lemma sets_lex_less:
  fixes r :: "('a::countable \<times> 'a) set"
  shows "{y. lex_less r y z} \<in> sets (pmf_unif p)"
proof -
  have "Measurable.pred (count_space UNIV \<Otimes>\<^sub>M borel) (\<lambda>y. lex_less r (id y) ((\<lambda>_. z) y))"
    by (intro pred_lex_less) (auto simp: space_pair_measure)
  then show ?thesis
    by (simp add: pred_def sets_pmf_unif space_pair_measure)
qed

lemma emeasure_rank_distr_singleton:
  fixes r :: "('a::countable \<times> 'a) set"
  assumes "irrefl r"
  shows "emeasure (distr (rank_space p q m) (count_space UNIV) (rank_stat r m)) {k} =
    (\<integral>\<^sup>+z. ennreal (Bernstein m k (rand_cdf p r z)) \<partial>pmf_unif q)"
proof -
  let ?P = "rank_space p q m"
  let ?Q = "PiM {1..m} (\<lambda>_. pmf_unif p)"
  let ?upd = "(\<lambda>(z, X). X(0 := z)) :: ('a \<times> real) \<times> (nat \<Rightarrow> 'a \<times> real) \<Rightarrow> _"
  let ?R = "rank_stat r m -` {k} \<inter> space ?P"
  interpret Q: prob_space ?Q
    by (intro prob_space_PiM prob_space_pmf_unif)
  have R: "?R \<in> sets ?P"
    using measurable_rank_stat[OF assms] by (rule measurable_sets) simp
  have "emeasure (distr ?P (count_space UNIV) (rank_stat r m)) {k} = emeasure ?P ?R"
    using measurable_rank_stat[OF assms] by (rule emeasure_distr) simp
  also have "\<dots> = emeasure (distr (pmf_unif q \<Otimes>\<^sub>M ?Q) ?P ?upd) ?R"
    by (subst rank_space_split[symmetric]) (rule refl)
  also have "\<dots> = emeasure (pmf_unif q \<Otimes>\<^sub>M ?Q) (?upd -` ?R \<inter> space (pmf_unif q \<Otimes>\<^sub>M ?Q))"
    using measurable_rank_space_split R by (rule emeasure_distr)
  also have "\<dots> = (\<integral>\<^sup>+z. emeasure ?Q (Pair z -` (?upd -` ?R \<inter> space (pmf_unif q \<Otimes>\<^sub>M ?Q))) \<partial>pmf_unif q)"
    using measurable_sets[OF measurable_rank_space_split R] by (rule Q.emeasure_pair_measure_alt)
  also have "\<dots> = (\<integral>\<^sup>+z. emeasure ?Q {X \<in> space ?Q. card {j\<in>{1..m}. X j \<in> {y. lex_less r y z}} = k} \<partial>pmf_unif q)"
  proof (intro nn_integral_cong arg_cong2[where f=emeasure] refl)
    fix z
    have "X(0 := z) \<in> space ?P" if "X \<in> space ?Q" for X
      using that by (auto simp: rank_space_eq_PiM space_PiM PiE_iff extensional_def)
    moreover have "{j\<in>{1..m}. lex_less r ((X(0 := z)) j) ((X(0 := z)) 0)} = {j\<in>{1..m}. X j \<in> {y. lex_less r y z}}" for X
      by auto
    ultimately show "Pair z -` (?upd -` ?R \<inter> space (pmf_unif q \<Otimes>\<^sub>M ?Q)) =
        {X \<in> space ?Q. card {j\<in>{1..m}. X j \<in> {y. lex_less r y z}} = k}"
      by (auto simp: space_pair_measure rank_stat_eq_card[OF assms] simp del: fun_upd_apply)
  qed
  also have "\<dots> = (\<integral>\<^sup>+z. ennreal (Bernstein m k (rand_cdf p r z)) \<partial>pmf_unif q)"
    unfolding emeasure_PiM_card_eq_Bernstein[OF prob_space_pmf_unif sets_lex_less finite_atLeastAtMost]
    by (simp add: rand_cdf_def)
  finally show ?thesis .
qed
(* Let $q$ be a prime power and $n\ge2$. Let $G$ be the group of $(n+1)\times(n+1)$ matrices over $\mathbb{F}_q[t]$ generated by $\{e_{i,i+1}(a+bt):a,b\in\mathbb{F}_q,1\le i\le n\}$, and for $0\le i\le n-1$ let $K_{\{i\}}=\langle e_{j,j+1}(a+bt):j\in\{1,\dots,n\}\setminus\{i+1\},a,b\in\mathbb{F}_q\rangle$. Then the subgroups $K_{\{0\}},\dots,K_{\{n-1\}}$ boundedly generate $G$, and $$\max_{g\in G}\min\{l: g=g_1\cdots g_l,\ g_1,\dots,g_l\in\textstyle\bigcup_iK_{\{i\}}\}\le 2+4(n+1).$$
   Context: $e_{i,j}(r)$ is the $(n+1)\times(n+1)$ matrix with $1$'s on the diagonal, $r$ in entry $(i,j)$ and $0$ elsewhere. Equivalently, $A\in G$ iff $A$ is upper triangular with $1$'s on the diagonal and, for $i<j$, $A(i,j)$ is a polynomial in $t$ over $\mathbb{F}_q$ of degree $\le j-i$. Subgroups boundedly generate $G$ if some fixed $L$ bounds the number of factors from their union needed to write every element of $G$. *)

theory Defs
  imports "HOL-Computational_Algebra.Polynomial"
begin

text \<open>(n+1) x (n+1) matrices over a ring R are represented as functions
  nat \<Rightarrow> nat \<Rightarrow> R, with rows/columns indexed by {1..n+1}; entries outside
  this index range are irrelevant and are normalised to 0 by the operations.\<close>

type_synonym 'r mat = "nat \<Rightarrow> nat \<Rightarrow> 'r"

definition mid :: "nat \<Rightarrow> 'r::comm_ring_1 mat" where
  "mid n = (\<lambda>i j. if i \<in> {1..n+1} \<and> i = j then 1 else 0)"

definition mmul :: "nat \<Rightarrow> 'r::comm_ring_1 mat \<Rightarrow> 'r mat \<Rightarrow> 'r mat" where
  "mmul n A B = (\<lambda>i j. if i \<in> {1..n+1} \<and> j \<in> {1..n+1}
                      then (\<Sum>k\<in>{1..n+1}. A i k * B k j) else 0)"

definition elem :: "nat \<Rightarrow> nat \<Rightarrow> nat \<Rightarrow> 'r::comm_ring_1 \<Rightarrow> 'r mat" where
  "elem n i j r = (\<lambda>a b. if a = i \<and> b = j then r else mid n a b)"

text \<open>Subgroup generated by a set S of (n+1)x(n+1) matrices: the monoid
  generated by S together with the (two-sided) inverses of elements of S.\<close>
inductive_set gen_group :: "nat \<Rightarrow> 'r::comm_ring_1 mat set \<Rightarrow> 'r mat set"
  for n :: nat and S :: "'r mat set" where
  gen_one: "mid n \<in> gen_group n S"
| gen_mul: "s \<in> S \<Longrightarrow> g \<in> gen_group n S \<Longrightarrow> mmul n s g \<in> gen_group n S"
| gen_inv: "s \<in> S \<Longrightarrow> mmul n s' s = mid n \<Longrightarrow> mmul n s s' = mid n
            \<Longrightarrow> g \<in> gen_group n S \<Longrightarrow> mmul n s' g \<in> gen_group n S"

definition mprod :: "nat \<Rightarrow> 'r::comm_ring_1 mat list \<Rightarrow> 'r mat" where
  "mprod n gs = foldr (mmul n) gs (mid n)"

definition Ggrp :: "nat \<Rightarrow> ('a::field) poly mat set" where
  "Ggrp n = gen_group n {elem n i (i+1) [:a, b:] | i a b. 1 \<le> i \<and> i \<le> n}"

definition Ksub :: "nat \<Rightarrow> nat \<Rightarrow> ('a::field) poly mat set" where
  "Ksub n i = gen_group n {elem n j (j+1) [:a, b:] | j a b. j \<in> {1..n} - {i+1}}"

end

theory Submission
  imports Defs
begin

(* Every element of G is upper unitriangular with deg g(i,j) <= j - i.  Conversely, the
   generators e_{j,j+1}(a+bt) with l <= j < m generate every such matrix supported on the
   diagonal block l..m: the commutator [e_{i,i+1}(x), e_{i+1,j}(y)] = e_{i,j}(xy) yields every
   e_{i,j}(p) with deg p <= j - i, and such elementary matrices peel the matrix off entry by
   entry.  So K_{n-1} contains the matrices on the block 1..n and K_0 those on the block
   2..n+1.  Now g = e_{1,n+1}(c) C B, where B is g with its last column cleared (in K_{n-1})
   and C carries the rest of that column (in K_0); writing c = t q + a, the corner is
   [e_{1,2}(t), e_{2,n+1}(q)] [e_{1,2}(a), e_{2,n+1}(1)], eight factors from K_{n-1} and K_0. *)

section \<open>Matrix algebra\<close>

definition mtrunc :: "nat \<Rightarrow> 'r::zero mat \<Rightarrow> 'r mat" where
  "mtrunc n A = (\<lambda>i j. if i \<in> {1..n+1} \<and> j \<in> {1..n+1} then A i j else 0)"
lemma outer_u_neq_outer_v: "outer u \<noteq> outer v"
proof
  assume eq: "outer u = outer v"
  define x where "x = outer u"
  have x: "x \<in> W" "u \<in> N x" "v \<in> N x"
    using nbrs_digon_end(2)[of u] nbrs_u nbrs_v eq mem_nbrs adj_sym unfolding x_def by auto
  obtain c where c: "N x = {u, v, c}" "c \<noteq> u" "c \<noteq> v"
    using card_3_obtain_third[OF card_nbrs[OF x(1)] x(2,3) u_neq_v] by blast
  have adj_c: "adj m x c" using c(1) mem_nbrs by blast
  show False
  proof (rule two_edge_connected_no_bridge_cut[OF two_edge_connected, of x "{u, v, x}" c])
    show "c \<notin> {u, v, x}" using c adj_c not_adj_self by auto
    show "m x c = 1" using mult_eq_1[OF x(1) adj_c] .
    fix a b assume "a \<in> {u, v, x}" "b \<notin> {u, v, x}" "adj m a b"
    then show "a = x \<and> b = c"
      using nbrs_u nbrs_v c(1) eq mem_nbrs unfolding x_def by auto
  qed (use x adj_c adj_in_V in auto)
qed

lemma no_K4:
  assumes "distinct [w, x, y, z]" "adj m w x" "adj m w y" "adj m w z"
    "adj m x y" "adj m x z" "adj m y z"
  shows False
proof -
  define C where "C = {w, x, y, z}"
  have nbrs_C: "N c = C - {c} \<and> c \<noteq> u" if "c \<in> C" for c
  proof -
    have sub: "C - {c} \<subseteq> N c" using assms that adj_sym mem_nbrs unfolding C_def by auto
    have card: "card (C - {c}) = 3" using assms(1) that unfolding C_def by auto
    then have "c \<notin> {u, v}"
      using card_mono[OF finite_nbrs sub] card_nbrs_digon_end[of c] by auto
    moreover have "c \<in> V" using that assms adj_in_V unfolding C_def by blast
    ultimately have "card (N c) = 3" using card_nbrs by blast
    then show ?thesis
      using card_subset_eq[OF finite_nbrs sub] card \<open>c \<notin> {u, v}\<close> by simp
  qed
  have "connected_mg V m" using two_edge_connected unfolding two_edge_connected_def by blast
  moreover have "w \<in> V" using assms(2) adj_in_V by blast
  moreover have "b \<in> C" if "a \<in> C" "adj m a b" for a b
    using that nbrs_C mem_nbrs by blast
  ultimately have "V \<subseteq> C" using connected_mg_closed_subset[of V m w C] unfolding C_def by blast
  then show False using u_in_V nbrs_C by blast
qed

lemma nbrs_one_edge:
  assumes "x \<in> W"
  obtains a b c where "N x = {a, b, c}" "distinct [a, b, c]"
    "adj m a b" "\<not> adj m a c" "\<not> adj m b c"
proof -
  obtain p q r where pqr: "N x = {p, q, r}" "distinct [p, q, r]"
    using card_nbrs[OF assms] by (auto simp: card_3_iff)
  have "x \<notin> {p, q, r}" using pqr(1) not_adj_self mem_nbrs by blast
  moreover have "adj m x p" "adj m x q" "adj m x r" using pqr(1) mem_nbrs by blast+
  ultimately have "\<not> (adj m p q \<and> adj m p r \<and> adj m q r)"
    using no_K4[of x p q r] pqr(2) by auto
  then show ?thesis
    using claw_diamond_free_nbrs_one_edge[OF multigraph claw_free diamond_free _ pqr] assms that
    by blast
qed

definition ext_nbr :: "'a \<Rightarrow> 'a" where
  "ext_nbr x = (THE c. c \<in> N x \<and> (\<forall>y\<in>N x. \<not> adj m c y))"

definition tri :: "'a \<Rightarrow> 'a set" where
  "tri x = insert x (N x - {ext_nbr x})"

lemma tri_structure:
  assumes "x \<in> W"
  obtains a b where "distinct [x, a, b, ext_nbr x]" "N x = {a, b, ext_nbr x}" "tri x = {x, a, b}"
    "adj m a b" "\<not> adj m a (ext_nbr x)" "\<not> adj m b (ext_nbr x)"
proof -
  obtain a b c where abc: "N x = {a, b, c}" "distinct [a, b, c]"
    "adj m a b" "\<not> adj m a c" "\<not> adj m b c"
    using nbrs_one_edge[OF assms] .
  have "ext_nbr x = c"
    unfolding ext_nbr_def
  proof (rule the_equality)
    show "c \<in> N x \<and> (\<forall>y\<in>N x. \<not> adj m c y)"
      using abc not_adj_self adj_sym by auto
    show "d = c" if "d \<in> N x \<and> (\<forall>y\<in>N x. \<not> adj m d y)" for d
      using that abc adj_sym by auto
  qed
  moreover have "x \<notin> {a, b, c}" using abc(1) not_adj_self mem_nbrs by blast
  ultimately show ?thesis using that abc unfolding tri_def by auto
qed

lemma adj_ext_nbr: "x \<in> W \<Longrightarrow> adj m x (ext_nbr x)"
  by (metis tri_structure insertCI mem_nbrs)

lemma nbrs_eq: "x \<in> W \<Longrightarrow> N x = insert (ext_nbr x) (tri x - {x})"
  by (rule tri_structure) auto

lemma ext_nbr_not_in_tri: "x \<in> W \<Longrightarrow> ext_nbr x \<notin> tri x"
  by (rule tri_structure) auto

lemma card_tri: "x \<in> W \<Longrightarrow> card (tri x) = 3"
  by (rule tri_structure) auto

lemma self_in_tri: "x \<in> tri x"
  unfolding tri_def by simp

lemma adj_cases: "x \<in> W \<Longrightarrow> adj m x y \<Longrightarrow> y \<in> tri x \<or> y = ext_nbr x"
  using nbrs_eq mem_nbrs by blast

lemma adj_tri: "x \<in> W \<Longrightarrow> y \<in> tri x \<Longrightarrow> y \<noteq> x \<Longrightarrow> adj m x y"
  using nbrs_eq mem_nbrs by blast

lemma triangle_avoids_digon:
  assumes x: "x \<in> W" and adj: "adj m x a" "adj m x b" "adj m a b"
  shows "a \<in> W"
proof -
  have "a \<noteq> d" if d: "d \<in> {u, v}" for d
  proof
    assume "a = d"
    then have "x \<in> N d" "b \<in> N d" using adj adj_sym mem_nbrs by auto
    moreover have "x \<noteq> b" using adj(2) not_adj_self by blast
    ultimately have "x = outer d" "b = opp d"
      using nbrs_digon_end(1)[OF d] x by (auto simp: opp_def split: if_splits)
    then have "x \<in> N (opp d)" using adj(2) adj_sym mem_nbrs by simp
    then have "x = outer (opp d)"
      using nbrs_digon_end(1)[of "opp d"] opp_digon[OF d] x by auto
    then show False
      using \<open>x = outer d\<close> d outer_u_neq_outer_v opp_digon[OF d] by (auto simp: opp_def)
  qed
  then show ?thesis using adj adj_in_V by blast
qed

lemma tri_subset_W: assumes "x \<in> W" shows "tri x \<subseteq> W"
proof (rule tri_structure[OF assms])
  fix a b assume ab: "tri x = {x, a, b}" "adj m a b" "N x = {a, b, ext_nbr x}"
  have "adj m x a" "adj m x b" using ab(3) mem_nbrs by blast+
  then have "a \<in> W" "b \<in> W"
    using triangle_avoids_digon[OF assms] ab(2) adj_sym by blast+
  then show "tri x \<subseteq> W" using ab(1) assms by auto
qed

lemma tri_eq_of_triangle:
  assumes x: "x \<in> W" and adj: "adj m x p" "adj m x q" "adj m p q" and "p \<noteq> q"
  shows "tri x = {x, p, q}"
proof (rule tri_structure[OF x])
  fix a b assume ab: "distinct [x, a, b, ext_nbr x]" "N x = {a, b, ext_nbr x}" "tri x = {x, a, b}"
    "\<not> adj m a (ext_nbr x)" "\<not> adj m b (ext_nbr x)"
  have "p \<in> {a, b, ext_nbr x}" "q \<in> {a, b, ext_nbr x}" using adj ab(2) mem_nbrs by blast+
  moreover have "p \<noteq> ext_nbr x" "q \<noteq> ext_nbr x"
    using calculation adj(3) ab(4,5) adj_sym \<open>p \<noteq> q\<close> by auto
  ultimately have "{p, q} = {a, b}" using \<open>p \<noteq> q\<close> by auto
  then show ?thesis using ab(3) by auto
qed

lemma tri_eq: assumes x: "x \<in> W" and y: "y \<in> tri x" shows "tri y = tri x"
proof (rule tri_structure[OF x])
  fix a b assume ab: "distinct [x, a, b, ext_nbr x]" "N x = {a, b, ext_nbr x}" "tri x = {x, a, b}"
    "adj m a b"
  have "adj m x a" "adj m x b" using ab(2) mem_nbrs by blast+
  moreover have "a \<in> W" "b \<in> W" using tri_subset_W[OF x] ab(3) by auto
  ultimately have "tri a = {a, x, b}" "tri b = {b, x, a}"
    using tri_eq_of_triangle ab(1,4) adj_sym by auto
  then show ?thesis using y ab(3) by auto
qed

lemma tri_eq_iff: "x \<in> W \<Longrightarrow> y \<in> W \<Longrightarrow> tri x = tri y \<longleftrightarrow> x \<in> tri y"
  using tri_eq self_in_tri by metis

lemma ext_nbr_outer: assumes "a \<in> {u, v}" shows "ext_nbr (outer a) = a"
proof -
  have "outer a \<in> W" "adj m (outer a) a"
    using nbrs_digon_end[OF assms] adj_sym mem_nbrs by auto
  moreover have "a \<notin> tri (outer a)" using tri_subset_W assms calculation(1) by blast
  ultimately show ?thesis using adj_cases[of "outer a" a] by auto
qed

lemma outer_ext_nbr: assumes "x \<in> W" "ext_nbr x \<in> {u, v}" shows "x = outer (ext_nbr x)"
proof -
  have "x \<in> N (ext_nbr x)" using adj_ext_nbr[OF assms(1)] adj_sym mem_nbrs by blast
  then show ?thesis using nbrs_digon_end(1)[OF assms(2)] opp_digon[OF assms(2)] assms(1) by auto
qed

- **WORK TO BE COMPLETED**:
All lines in the listing above from the line containing "q \<and> adj" to the line containing "obtains a b where", inclusive, should be retyped exactly; no other lines should appear.

- **SOLVED PROBLEM**:
  ultimately have "\<not> (adj m p q \<and> adj m p r \<and> adj m q r)"
    using no_K4[of x p q r] pqr(2) by auto
  then show ?thesis
    using claw_diamond_free_nbrs_one_edge[OF multigraph claw_free diamond_free _ pqr] assms that
    by blast
qed

definition ext_nbr :: "'a \<Rightarrow> 'a" where
  "ext_nbr x = (THE c. c \<in> N x \<and> (\<forall>y\<in>N x. \<not> adj m c y))"

definition tri :: "'a \<Rightarrow> 'a set" where
  "tri x = insert x (N x - {ext_nbr x})"

lemma tri_structure:
  assumes "x \<in> W"
  obtains a b where "distinct [x, a, b, ext_nbr x]" "N x = {a, b, ext_nbr x}" "tri x = {x, a, b}"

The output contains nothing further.